Not boring at all (for me).

Good to hear.

The 1-ply evaluation is the result of:

1. Finding the best move on one ply for each of the 21 possible rolls
2. Averaging the resulting positions, as evaluated on 1-ply (with the
other player on roll)

Thus 1-ply evaluation is the average of 21 OTHER positions with the
opponent on roll. However, a lot of these positions will be similar to
the current one (see the example in the link above)

I think it is not that "they will be similar to the current one", but
than many of the 21 positions are similar, and so the error is
"multiplied".

Yes, this is a more precise description of what happens. My point was that both the original position and the 21 new ones will be in the same "family" - having similar board positions, only seen from different sides. The point is exactly this - that a "family" of positions, like "2-3 backgames with crunched board" actually consists of 2 sets of positions, which do not look similar to the neural net.

I apologize for my naive way of refering to the neural net above.

See just above
(http://pages.quicksilver.net.nz/pepe/ngb/index-top.html#Benchmark update
using the large 12 point database) for an example.

Yes, very interesting indeed.


The basic idea is to introduce the half-ply: The average between 0 and 1
ply. or in general between n and (n-1) ply. This would decrease the
average square of the error for the kind of position - since the "true"
equity for the position is most likely to be somewhere between these two
evaluations.


I will check that.

Just out of curiosity: How?

Obviously it is a little more expensive than 1ply, but
the hope is to get a better result than 1ply. Personally I don't think it
will work, but it is worth a check.

If possible, could you also check the "weighted average" model for a couple of weights - like 2/3 and 3/4 ?
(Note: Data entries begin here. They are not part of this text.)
lemma inner_mult_vector_skew:
  fixes A :: "real^'n^'n"
  assumes "transpose A = - A"
  shows "x \<bullet> (A *v x) = 0"
proof -
  have "x \<bullet> (A *v x) = (x v* A) \<bullet> x"
    by (rule dot_lmul_matrix[symmetric])
  also have "\<dots> = (transpose A *v x) \<bullet> x"
    by (simp add: transpose_matrix_vector)
  also have "\<dots> = - (x \<bullet> (A *v x))"
    using assms by (simp add: matrix_vector_mult_uminus_left inner_commute)
  finally show ?thesis by simp
qed

text \<open>The derivative of the squared norm is 2 x \<bullet> A x = 0.\<close>
lemma norm_flow:
  assumes "transpose A = - A"
  shows "norm (flow A z t) = norm z"
proof -
  have coordinate: "((\<lambda>t. flow A z t $ i) has_real_derivative flow A (A *v z) t $ i) (at t)" for i t
    using has_real_derivative_inner_flow[of "axis i 1"] by (simp add: inner_axis')
  have "((\<lambda>t. \<Sum>i\<in>UNIV. flow A z t $ i * flow A z t $ i) has_real_derivative
      (\<Sum>i\<in>UNIV. flow A (A *v z) t $ i * flow A z t $ i + flow A (A *v z) t $ i * flow A z t $ i)) (at t)" for t
    by (intro DERIV_sum DERIV_mult coordinate)
  moreover have "(\<Sum>i\<in>UNIV. flow A (A *v z) t $ i * flow A z t $ i + flow A (A *v z) t $ i * flow A z t $ i)
      = 2 * (flow A z t \<bullet> (A *v flow A z t))" for t
    by (simp add: inner_vec_def flow_mult_vector sum.distrib[symmetric] sum_distrib_left algebra_simps)
  ultimately have "((\<lambda>t. flow A z t \<bullet> flow A z t) has_real_derivative 0) (at t)" for t
    using inner_mult_vector_skew[OF assms] by (simp add: inner_vec_def)
  then have "flow A z t \<bullet> flow A z t = flow A z 0 \<bullet> flow A z 0"
    by (intro DERIV_isconst_all) blast
  then show ?thesis by (simp add: norm_eq_sqrt_inner)
qed
definition tidx :: "eta \<Rightarrow> nat \<Rightarrow> nat" where
  "tidx \<eta> j = (THE t. t \<le> rr \<eta> \<and> (\<Sum>i<t. dd \<eta> i) < j \<and> j \<le> (\<Sum>i\<le>t. dd \<eta> i))"

definition vv :: "eta \<Rightarrow> nat \<Rightarrow> nat \<times> nat" where
  "vv \<eta> j = (let t = tidx \<eta> j;
                  c = j - (\<Sum>i<t. dd \<eta> i);
                  Od = (\<Sum>i\<in>{i. i < t \<and> odd i}. dd \<eta> i);
                  Ev = (\<Sum>i\<in>{i. i < t \<and> even i}. dd \<eta> i)
              in if fst \<eta> then (if odd t then (Od + c, 0) else (0, Ev + c))
                 else (if odd t then (0, Od + c) else (Ev + c, 0)))"

definition TT :: "nat \<Rightarrow> eta \<Rightarrow> nat \<Rightarrow> (nat \<times> nat) set" where
  "TT n \<eta> j = {(fst (vv \<eta> j) + p, snd (vv \<eta> j) + p) | p. p \<le> n - j}"

definition T0 :: "nat \<Rightarrow> (nat \<times> nat) set" where
  "T0 n = {(p, p) | p. 1 \<le> p \<and> p \<le> n}"

definition rv :: "nat \<Rightarrow> eta \<Rightarrow> nat \<Rightarrow> nat" where
  "rv n \<eta> j = n * snd (vv \<eta> j)"

definition shift :: "(nat \<times> nat) set \<Rightarrow> nat \<Rightarrow> (nat \<times> nat) set" where
  "shift A r = {(a + r, b + r) | a b. (a, b) \<in> A}"

definition fk :: "nat \<Rightarrow> nat \<times> nat \<Rightarrow> int" where
  "fk k v = int k * int (fst v) + (1 - int k) * int (snd v)"

definition zk :: "nat \<Rightarrow> nat \<Rightarrow> bool" where
  "zk n k = (k \<le> n + 1 - k)"

text \<open>ds = [d_{k,0}, ..., d_{k,l-1}]; computes d_{k,l}\<close>
definition dstep :: "nat \<Rightarrow> nat \<Rightarrow> nat list \<Rightarrow> nat \<Rightarrow> nat" where
  "dstep n k ds l =
    (let Os = (\<Sum>j\<in>{j. j \<le> l - 1 \<and> odd j}. ds ! j);
         Es = (\<Sum>j\<in>{j. j \<le> l - 1 \<and> even j}. ds ! j);
         t = (if zk n k then
                (if odd l then (GREATEST m. m * k \<le> (Es + 1) * (n + 1 - k))
                 else (GREATEST m. m * (n + 1 - k) \<le> (Os + 1) * k))
              else
                (if odd l then (GREATEST m. m * (n + 1 - k) \<le> (Es + 1) * k)
                 else (GREATEST m. m * k \<le> (Os + 1) * (n + 1 - k))));
         s = (if l = 1 then 0 else if odd l then Os else Es)
     in min (n - sum_list ds) (t - s))"

fun dseq :: "nat \<Rightarrow> nat \<Rightarrow> nat \<Rightarrow> nat list" where
  "dseq n k 0 = [0]"
| "dseq n k (Suc l) = (let ds = dseq n k l in ds @ [dstep n k ds (Suc l)])"

definition dk :: "nat \<Rightarrow> nat \<Rightarrow> nat \<Rightarrow> nat" where
  "dk n k l = dseq n k l ! l"

definition rk :: "nat \<Rightarrow> nat \<Rightarrow> nat" where
  "rk n k = (LEAST r. (\<Sum>j\<le>r. dk n k j) = n)"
At the same time, however, we loose something - since hopefully the
evaluation at n-ply should be better on average than the one at (n-1).
After all, that is why we evaluate at higher plies.

An obvious way of correcting for this fact would be to use a weighted
average of the n and (n-1) evaluations - with a weighing factor
determined by empiric research. Does anyone have a large database of
rolled out positions lying around - if possible including at 0 and 1-ply
evaluations from the current net as well.

My idea would be to find the average of (rollout - 0-ply)/(1-ply -
0-ply) and use this as the weight given to the n-ply evaluation.

Another way to make a half-ply evaluation would be to evaluate some of
the rolls at 0-ply, some at 1-ply.

The above wording is rubbish. You cannot "evaluate a roll at 0-ply". Please change to "some of the rolls at 1-ply, some at 2-ply".

This can be extended to (n+1/2)-ply
by recursion, just like it is done with the integer plays today.

With the above in mind, the algorithm for doing (n+1/2)ply is:

If n=0: We can't do it :-(
If n=1: Partition rolls into sets R1 and R2
       Evaluate R1 at 1-ply (E1), R2 at 2-ply (E2)
       Take the average of E1 and E2, weighted if |R1| <> |R2|
If n=2: Evaluate all rolls on (n-1/2)-ply

The important point, as far as I can see, is that this is the "obious" way to do reduced 2-ply evaluation - but not how it is done today ...

When I got this idea, I thought to myself: "So THAT must be how reduced
evaluation works". Looking in the list archives and then into the source
code, it seems like this is not the case. Gnubg actually only evaluates
some of the rolls at each leaf in the ply-tree. This does however mean,
that we have an existing framework in eval.c for doing the half-ply
evaluation.

And it was exactly when reading this source code that I realized that my idea had been a little imprecise.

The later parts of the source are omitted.